To create a final word prediction application, one has to go through all the studied phases of data analysis: collecting and preprocessing data from blogs, twitter and news; exploratory data analysis (to determine the actual amount of data needed to predict a word); documenting the features of the data sets and the results of their processing; building mathematical models for predicting a new word and developing a machine learning algorithm to predict the next word; development and publication of a web application that can predict the next word based on the set of words entered. The simplest version of such a web application is shown in the figure - just the very application that was written as part of a graduate project in DSS. The application tells us a somewhat absurd answer: “It's interesting to be late” (although tired office workers or students will surely find the logic in this statement ;-))

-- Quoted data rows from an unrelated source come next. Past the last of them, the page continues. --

lemma economy_of_cdf:
  assumes cdf: "is_cdf_with_full_support_density F f"
    and c: "0 < c" "c < 1"
    and h: "0 < fst h" "fst h < 1" "0 < snd h" "snd h < 1"
    and A: "\<mu> > max (1 / (c * (1 - F (1, snd h)))) (1 / (c * (1 - F (fst h, 1))))"
    and m: "m \<in> unit_sq"
  shows "economy F c \<mu> h m"
proof -
  have h_unit_sq: "h \<in> unit_sq" and corners: "(1, snd h) \<in> unit_sq" "(fst h, 1) \<in> unit_sq"
    using h by (auto simp: unit_sq_def mem_Times_iff)
  have corner_lt_one: "F (1, snd h) < 1" "F (fst h, 1) < 1"
    using cdf_lt_one[OF cdf corners(1)] cdf_lt_one[OF cdf corners(2)] h by auto
  have team_size_le: "1 / (c * (1 - x)) \<le> 1 / (c * (1 - y))" if "x \<le> y" "y < 1" for x y
    using that c by (intro divide_left_mono mult_pos_pos mult_left_mono) auto
  have "c * (1 - F (1, snd h)) \<le> c"
    using c cdf_nonneg[OF cdf corners(1)] by (intro mult_left_le) auto
  then have "c * (1 - F (1, snd h)) < 1" using c by linarith
  moreover have "0 < c * (1 - F (1, snd h))" using c corner_lt_one by simp
  ultimately have "1 < 1 / (c * (1 - F (1, snd h)))" by simp
  then have mu: "1 < \<mu>" using A by linarith
  have abundance: "nsize F c m < \<mu>" if "F m < F (vee m h)"
  proof -
    have "\<not> (fst h \<le> fst m \<and> snd h \<le> snd m)"
      using that by (cases m) (auto simp: vee_def max_def)
    then have "F m \<le> F (fst h, 1) \<or> F m \<le> F (1, snd h)"
      using cdf_mono[OF cdf m corners(1)] cdf_mono[OF cdf m corners(2)] m
      by (auto simp: unit_sq_def)
    moreover have "nsize F c m \<le> 1 / (c * (1 - K))" if "F m \<le> K" "K < 1" for K
      using team_size_le[OF that] unfolding nsize_def .
    ultimately show ?thesis
      using corner_lt_one A by fastforce
  qed
  show ?thesis
    using c cdf_nonneg[OF cdf m] cdf_le_one[OF cdf m] cdf_pos[OF cdf h_unit_sq] h
      cdf_lt_one[OF cdf h_unit_sq] mu abundance m
    by (simp add: economy_def)
qed

theorem proposition1:
  fixes F f :: "real \<times> real \<Rightarrow> real" and c \<mu> :: real and h :: "real \<times> real"
  assumes cdf: "is_cdf_with_full_support_density F f"
    and c: "0 < c" "c < 1"
    and h: "0 < fst h" "fst h < 1" "0 < snd h" "snd h < 1"
    and mu: "0 < \<mu>"
    and A: "\<mu> > max (1 / (c * (1 - F (1, snd h)))) (1 / (c * (1 - F (fst h, 1))))"
  shows "\<forall>m \<in> unit_sq.
    (let ws = wbar_s F c h m; wb = wbar_b F c h m; wt = wbar_t F c h m;
         wstar = max ws (max wb wt) in
      (\<exists>a w r. equilibrium F c h m \<mu> a w r) \<and>
      (\<forall>a w r. equilibrium F c h m \<mu> a w r \<longrightarrow> r = F m \<and> w = wstar) \<and>
      (\<forall>a w r. equilibrium F c h m \<mu> a w r \<longrightarrow>
          (\<forall>a'. feasible F c h m \<mu> a' \<longrightarrow> total_output F c h m a' \<le> total_output F c h m a)) \<and>
      (m \<in> R_s F c h \<longrightarrow>
          equilibrium F c h m \<mu> (1, 0, 0, \<mu>, 0, 0) wstar (F m) \<and>
          (unique_max ws wb wt \<longrightarrow>
             (\<forall>a w r. equilibrium F c h m \<mu> a w r \<longrightarrow> a = (1, 0, 0, \<mu>, 0, 0)))) \<and>
      (m \<in> R_b F c h \<longrightarrow>
          equilibrium F c h m \<mu> (0, 1, 0, \<mu> - nsize F c m, nsize F c m, 0) wstar (F m) \<and>
          (unique_max ws wb wt \<longrightarrow>
             (\<forall>a w r. equilibrium F c h m \<mu> a w r \<longrightarrow>
                a = (0, 1, 0, \<mu> - nsize F c m, nsize F c m, 0)))) \<and>
      (m \<in> R_t F c h \<longrightarrow>
          equilibrium F c h m \<mu> (0, 0, 1, \<mu> - 1 / nsize F c h, 0, 1 / nsize F c h) wstar (F m) \<and>
          (unique_max ws wb wt \<longrightarrow>
             (\<forall>a w r. equilibrium F c h m \<mu> a w r \<longrightarrow>
                a = (0, 0, 1, \<mu> - 1 / nsize F c h, 0, 1 / nsize F c h)))))"
proof -
  \<comment> \<open>The hypothesis 0 < mu is implied by (A).\<close>
  have E: "economy F c \<mu> h m" if "m \<in> unit_sq" for m
    using economy_of_cdf[OF cdf c h A that] .
  show ?thesis
    unfolding Let_def
    by (intro ballI conjI allI impI; blast intro: E economy.equilibrium_exists
        economy.equilibrium_efficient economy.single_layer_equilibrium
        economy.single_layer_equilibrium_unique economy.bottom_automated_equilibrium
        economy.bottom_automated_equilibrium_unique economy.top_automated_equilibrium
        economy.top_automated_equilibrium_unique dest: economy.equilibrium_prices[OF E])
qed

end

Of course, I do not set myself the goal of describing all the vicissitudes and subtleties of the graduation project of the “Data Science” specialization, but we can confidently say that it gives a complete understanding of the sequence of applying acquired skills and knowledge in the process of developing real analytical products. From this point of view, the thesis project is simply flawless, although the choice of such a difficult topic as automatic text analysis is traditional and causes criticism from those who take courses in the “Data Science” specialization.
Wrap-up
In general, the Science of Data specialization provides an overview of how to correctly conduct data analysis. It is clear that it is better to have narrow specialists in the company staff to perform individual steps, but, nevertheless, effective and relevant to the needs of the company data analysis will be possible only when the company has a specialist who can build the entire data analysis process, from beginning to end. the end. At the same time, the ability to not only “poking around in the data” is important, but also to provide the result to the client in an accessible and understandable form.
The result of data analysis should help the client to solve his pressing questions - ideally: how to make a business more profitable? Alas, no courses can teach how to answer this question in any situation and with any data. The specialty “Data Science” is the first step on the way to becoming a data analyst; further movement along this winding route is impossible without practical experience. Well, since the labor market in data analytics is still far from saturation, go ahead - challenges and new career horizons are waiting!
Instead of the conclusion - some more useful courses Coursera
The course “Working with Massive Data” : about Big Data in accessible language with the inimitable computer technology guru Jeff Ullman.
Course "Computer Training" : for those who turned out to be a little machine learning in DSS.
Course "Analysis of textual information" : for those who want to predict more than one word at a time ;-)
Read in the first part of this post : About the specialty Data Science in general. Courses: Data Analysis Tools (R Programming); Preliminary data processing; Documenting data processing.